lemma fps_mult_nth_lessThan: "(f * g) $ n = f $ n * g $ 0 + (\<Sum>i<n. f $ i * g $ (n - i))"
proof -
  have "{0..n} = insert n {..<n}"
    by auto
  then show ?thesis
    by (simp add: fps_mult_nth)
qed

lemma sum_atLeastAtMost_int_shift:
  fixes g :: "int \<Rightarrow> 'a::comm_monoid_add"
  assumes "0 \<le> M" "g (- M) = 0" "g (M + 1) = 0"
  shows "(\<Sum>k\<in>{-M..M}. g (k + 1)) = (\<Sum>k\<in>{-M..M}. g k)"
proof -
  have "(\<Sum>k\<in>{-M..M}. g (k + 1)) = (\<Sum>k\<in>{-M+1..M+1}. g k)"
    by (rule sum.reindex_bij_witness[of _ "\<lambda>k. k - 1" "\<lambda>k. k + 1"]) auto
  also have "\<dots> = (\<Sum>k\<in>insert (-M) {-M+1..M+1}. g k)"
    using assms by simp
  also have "insert (-M) {-M+1..M+1} = insert (M + 1) {-M..M}"
    using assms by auto
  also have "(\<Sum>k\<in>insert (M + 1) {-M..M}. g k) = (\<Sum>k\<in>{-M..M}. g k)"
    using assms by simp
  finally show ?thesis .
qed

lemma sum_atLeastAtMost_int_symmetric:
  fixes f :: "int \<Rightarrow> 'a::comm_semiring_1"
  assumes "\<And>k. f (- k) = f k"
  shows "(\<Sum>k\<in>{-int n..int n}. f k) = f 0 + 2 * (\<Sum>s\<in>{1..n}. f (int s))"
proof (induction n)
  case 0
  then show ?case by simp
next
  case (Suc n)
  have "{-int (Suc n)..int (Suc n)} = insert (int (Suc n)) (insert (- int (Suc n)) {-int n..int n})"
    by auto
  then show ?case
    using Suc assms[of "int (Suc n)"] by (simp add: algebra_simps mult_2)
qed

lemma prod_monom:
  "finite S \<Longrightarrow> (\<Prod>a\<in>S. monom (g a) (n a)) = monom (\<Prod>a\<in>S. g a) (\<Sum>a\<in>S. n a)"
  by (induction S rule: finite_induct) (simp_all add: mult_monom)

lemma coeff_prod_linear:
  fixes g :: "'b \<Rightarrow> 'a::comm_semiring_1"
  assumes "finite A"
  shows "coeff (\<Prod>a\<in>A. [:1, g a:]) t = (\<Sum>S | S \<subseteq> A \<and> card S = t. \<Prod>a\<in>S. g a)"
proof -
  have "(\<Prod>a\<in>A. [:1, g a:]) = (\<Prod>a\<in>A. monom (g a) 1 + 1)"
    by (simp add: monom_Suc monom_0 one_pCons)
  also have "\<dots> = (\<Sum>S\<in>Pow A. (\<Prod>a\<in>S. monom (g a) 1) * (\<Prod>a\<in>A - S. 1))"
    by (rule prod_add[OF assms])
  also have "\<dots> = (\<Sum>S\<in>Pow A. monom (\<Prod>a\<in>S. g a) (card S))"
    by (intro sum.cong refl) (simp add: prod_monom rev_finite_subset[OF assms])
  finally have "coeff (\<Prod>a\<in>A. [:1, g a:]) t = (\<Sum>S\<in>Pow A. if card S = t then \<Prod>a\<in>S. g a else 0)"
    by (simp add: coeff_sum coeff_monom eq_commute)
  also have "\<dots> = (\<Sum>S | S \<subseteq> A \<and> card S = t. \<Prod>a\<in>S. g a)"
    using assms by (simp add: sum.inter_filter[symmetric] Pow_def)
  finally show ?thesis .
qed

section \<open>Gaussian binomial coefficients\<close>

fun gauss_binom :: "'a::comm_ring_1 \<Rightarrow> nat \<Rightarrow> nat \<Rightarrow> 'a" where
  "gauss_binom b n 0 = 1"
| "gauss_binom b 0 (Suc j) = 0"
| "gauss_binom b (Suc n) (Suc j) = gauss_binom b n j + b ^ Suc j * gauss_binom b n (Suc j)"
===
**Assignment:**
Every line from the one that has "(\<Sum>S\<in>Pow A. monom" down to the last line above must be written out exactly, with both ends included and nothing else.

**Solved problem:**
  also have "\<dots> = (\<Sum>S\<in>Pow A. monom (\<Prod>a\<in>S. g a) (card S))"
    by (intro sum.cong refl) (simp add: prod_monom rev_finite_subset[OF assms])
  finally have "coeff (\<Prod>a\<in>A. [:1, g a:]) t = (\<Sum>S\<in>Pow A. if card S = t then \<Prod>a\<in>S. g a else 0)"
    by (simp add: coeff_sum coeff_monom eq_commute)
  also have "\<dots> = (\<Sum>S | S \<subseteq> A \<and> card S = t. \<Prod>a\<in>S. g a)"
    using assms by (simp add: sum.inter_filter[symmetric] Pow_def)
  finally show ?thesis .
qed

section \<open>Gaussian binomial coefficients\<close>

fun gauss_binom :: "'a::comm_ring_1 \<Rightarrow> nat \<Rightarrow> nat \<Rightarrow> 'a" where
  "gauss_binom b n 0 = 1"
| "gauss_binom b 0 (Suc j) = 0"
| "gauss_binom b (Suc n) (Suc j) = gauss_binom b n j + b ^ Suc j * gauss_binom b n (Suc j)"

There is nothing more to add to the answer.